He recommended empowering agents to resolve problems by offering them data, technology, contextual insights and personalized recommendations.

“Agents should be viewed as a strategic asset and recognized for their ability to impact customer relationships and brand reputation,” he said. “But all the greatest tools to enable agents won’t help them create memorable experiences if CX frustrates the customer.”

Align IT Resources With Business Needs

Having a differentiator that captures and keeps customers is the desire of any retailer, said Jason Raymer, vice president of enterprise client experience at iQmetrix.

But it won’t be enough to roll out customer experience initiatives that ask team members to deliver “best-in-class experience,” he said. Instead, brands must align their IT resources with the business’s needs.

“This will mean refining digital ecommerce experiences that are driving retail traffic,” said Raymer. “One example of this would be creating such clarity and ease for supply chain visibility that consumers always know what is available in-store and when it can be delivered, and the whole experience does not prompt them to cross-shop the brand with Amazon or other online retailers.”

Enable Multiple Sales Channels

Raymer said brands that want to stand out amid rising prices must ensure they offer multiple sales channels with features like inventory availability, pricing and the ability to buy or reserve a product online and pick it up in the store.

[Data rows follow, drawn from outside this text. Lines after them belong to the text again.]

text \<open>The exponent of \<^const>\<open>tail_kernel\<close> splits into a Gaussian in \<open>w\<close>, which absorbs the
  polynomial prefactor, and a part decaying exponentially in \<open>y + q\<close> uniformly in \<open>s \<ge> 1\<close>.\<close>

lemma tail_exponent_le:
  fixes s y q :: real
  assumes s: "s\<^sup>2 \<ge> 1" and y: "0 < y" "y < s\<^sup>2" and q: "q > 0"
  defines "w \<equiv> (1 + q/s\<^sup>2) / (1 - y/s\<^sup>2)"
  shows "w \<ge> 1" and "s\<^sup>2 - s\<^sup>2 * w\<^sup>2 \<le> -(w\<^sup>2 - 1)/2 - (y + q)"
proof -
  define x where "x = 1 - y/s\<^sup>2"
  have "s\<^sup>2 > 0" using s by linarith
  then have x: "0 < x" "x < 1" using y by (auto simp: x_def field_simps)
  have "q/s\<^sup>2 > 0" using q \<open>s\<^sup>2 > 0\<close> by simp
  have w_eq: "w = (1 + q/s\<^sup>2) / x" by (simp add: w_def x_def)
  show w1: "w \<ge> 1" using x \<open>q/s\<^sup>2 > 0\<close> by (simp add: w_eq le_divide_eq)
  have xw: "x * w = 1 + q/s\<^sup>2" using x by (simp add: w_eq)
  have "(1 - x) * (w - 1) = w - 1 - x * w + x" by (simp add: algebra_simps)
  also have "\<dots> = w - 1 - (y + q)/s\<^sup>2" using xw by (simp add: x_def add_divide_distrib algebra_simps)
  finally have "w - 1 - (y + q)/s\<^sup>2 = (1 - x) * (w - 1)" ..
  moreover have "(1 - x) * (w - 1) \<ge> 0" using x w1 by simp
  ultimately have "(y + q)/s\<^sup>2 \<le> w - 1" by linarith
  then have "s\<^sup>2 * ((y + q)/s\<^sup>2) \<le> s\<^sup>2 * (w - 1)"
    using \<open>s\<^sup>2 > 0\<close> by (intro mult_left_mono) auto
  then have "s\<^sup>2 * (w - 1) \<ge> y + q"
    using \<open>s\<^sup>2 > 0\<close> by simp
  have "w\<^sup>2 - 1 \<ge> 2 * (w - 1)"
    using sum_power2_ge_zero[of "w - 1" 0] by (simp add: power2_diff)
  then have "(s\<^sup>2/2) * (2 * (w - 1)) \<le> (s\<^sup>2 - 1/2) * (w\<^sup>2 - 1)"
    using s w1 by (intro mult_mono) auto
  moreover have "(s\<^sup>2/2) * (2 * (w - 1)) = s\<^sup>2 * (w - 1)" by simp
  ultimately have "(s\<^sup>2 - 1/2) * (w\<^sup>2 - 1) \<ge> y + q"
    using \<open>s\<^sup>2 * (w - 1) \<ge> y + q\<close> by linarith
  then show "s\<^sup>2 - s\<^sup>2 * w\<^sup>2 \<le> -(w\<^sup>2 - 1)/2 - (y + q)"
    by (simp add: algebra_simps)
qed

lemma tail_kernel_nonneg: "tail_kernel n b s y q \<ge> 0"
proof (cases "y \<in> {0<..<s\<^sup>2} \<and> q > 0")
  case True
  then have "s\<^sup>2 > 0" by auto
  with True have "1 - y/s\<^sup>2 > 0" by (simp add: field_simps)
  then show ?thesis using True unfolding tail_kernel_def by simp
qed (auto simp: tail_kernel_def indicator_def)

lemma tail_kernel_le_majorant:
  assumes s: "s \<ge> 1"
  shows "tail_kernel n b s y q \<le> tail_kernel_majorant (n+b+2) b y q"
proof (cases "y \<in> {0<..<s\<^sup>2} \<and> q > 0")
  case False
  then show ?thesis unfolding tail_kernel_def tail_kernel_majorant_def by (auto simp: indicator_def)
next
  case True
  define x where "x = 1 - y/s\<^sup>2"
  define u where "u = 1 + q/s\<^sup>2"
  define w where "w = u / x"
  have s2: "s\<^sup>2 \<ge> 1" using s by (simp add: one_le_power)
  then have "s\<^sup>2 > 0" by linarith
  then have x: "0 < x" "x < 1" using True by (auto simp: x_def field_simps)
  have u: "u \<ge> 1" using True s2 by (auto simp: u_def)
  have w1: "w \<ge> 1" and exponent: "s\<^sup>2 - s\<^sup>2 * w\<^sup>2 \<le> -(w\<^sup>2 - 1)/2 - (y + q)"
    using tail_exponent_le[OF s2, of y q] True by (auto simp: w_def u_def x_def)
  have "u^n / x^(b+2) = u^n * (1/x)^(b+2)" by (simp add: power_divide)
  also have "\<dots> \<le> w^n * w^(b+2)"
    using u x by (intro mult_mono power_mono) (auto simp: w_def field_simps)
  also have "\<dots> = w^(n+b+2)" by (simp add: power_add)
  finally have prefactor: "u^n / x^(b+2) \<le> w^(n+b+2)" .
  have "tail_kernel n b s y q = y^(b-1) * (u^n / x^(b+2)) * exp (s\<^sup>2 - s\<^sup>2 * w\<^sup>2)"
    using True by (simp add: tail_kernel_def x_def u_def w_def)
  also have "\<dots> \<le> y^(b-1) * w^(n+b+2) * exp (-(w\<^sup>2 - 1)/2 - (y + q))"
    using True prefactor exponent x u w1 by (intro mult_mono) auto
  also have "\<dots> = y^(b-1) * (w^(n+b+2) * exp (-(w\<^sup>2 - 1)/2)) * (exp (-y) * exp (-q))"
  proof -
    have "exp (-(w\<^sup>2 - 1)/2 - (y + q)) = exp (-(w\<^sup>2 - 1)/2) * (exp (-y) * exp (-q))"
      unfolding exp_add[symmetric] by (rule arg_cong[where f = exp]) simp
    then show ?thesis by (simp only: mult.assoc)
  qed
  also have "\<dots> \<le> y^(b-1) * (fact (n+b+2) * exp 1) * (exp (-y) * exp (-q))"
  proof (rule mult_right_mono[OF mult_left_mono[OF power_mult_exp_le[OF w1]]])
    show "0 \<le> y^(b-1)" using True by simp
  qed simp
  also have "\<dots> = tail_kernel_majorant (n+b+2) b y q"
    using True by (simp add: tail_kernel_majorant_def)
  finally show ?thesis .
qed

lemma tail_kernel_tendsto: "((\<lambda>s. tail_kernel n b s y q) \<longlongrightarrow> tail_kernel_limit b y q) at_top"
proof (cases "y > 0 \<and> q > 0")
  case False
  then show ?thesis by (simp add: tail_kernel_def tail_kernel_limit_def indicator_def)
next
  case True
  have "\<forall>\<^sub>F s in at_top. y < (s::real)\<^sup>2" by real_asymp
  then have "\<forall>\<^sub>F s in at_top. y^(b-1) * (1 + q/s\<^sup>2)^n / (1 - y/s\<^sup>2)^(b+2)
      * exp (s\<^sup>2 - s\<^sup>2 * ((1 + q/s\<^sup>2) / (1 - y/s\<^sup>2))\<^sup>2) = tail_kernel n b s y q"
    by eventually_elim (use True in \<open>simp add: tail_kernel_def\<close>)
  moreover have lim: "((\<lambda>s::real. 1 + q/s\<^sup>2) \<longlongrightarrow> 1) at_top" "((\<lambda>s::real. 1 - y/s\<^sup>2) \<longlongrightarrow> 1) at_top"
    "((\<lambda>s::real. s\<^sup>2 - s\<^sup>2 * ((1 + q/s\<^sup>2) / (1 - y/s\<^sup>2))\<^sup>2) \<longlongrightarrow> -2*y - 2*q) at_top"
    by real_asymp+
  have "((\<lambda>s. y^(b-1) * (1 + q/s\<^sup>2)^n / (1 - y/s\<^sup>2)^(b+2)
      * exp (s\<^sup>2 - s\<^sup>2 * ((1 + q/s\<^sup>2) / (1 - y/s\<^sup>2))\<^sup>2)) \<longlongrightarrow> y^(b-1) * 1^n / 1^(b+2) * exp (-2*y - 2*q)) at_top"
    by (intro tendsto_intros lim) auto
  ultimately show ?thesis
    using True by (simp add: tendsto_cong tail_kernel_limit_def)
qed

Another feature customers want? The option to buy now and pay later, which enables shoppers to make monthly payments for a product. According to a survey from C+R Research, 60% of consumers polled have used a buy now, pay later service.

“Ensuring that these functions exist consistently and are available through all channels allows for a unified brand experience and increased loyalty from consumers,” said Raymer. “Brands that have not solved for these expectations are at a crossroads and have to make investments in strategic SaaS (Software as a Service) partners that bring them up to speed in quarters, not years.”

Related Article: How Omnichannel Marketing Feeds Into Stronger Customer Experiences

Skimpflation Doesn’t Have to Affect Customer Experience

Prices might be rising — for your customers, for your organization. And you may be forced to cut back in some areas. However, brands that refocus their sights on customer experience despite the down economy can retain their customers and capture new ones.

As Triant explained, “Changes a brand makes to its customer experience (CX) during times of crisis can impact its long-term bottom line.”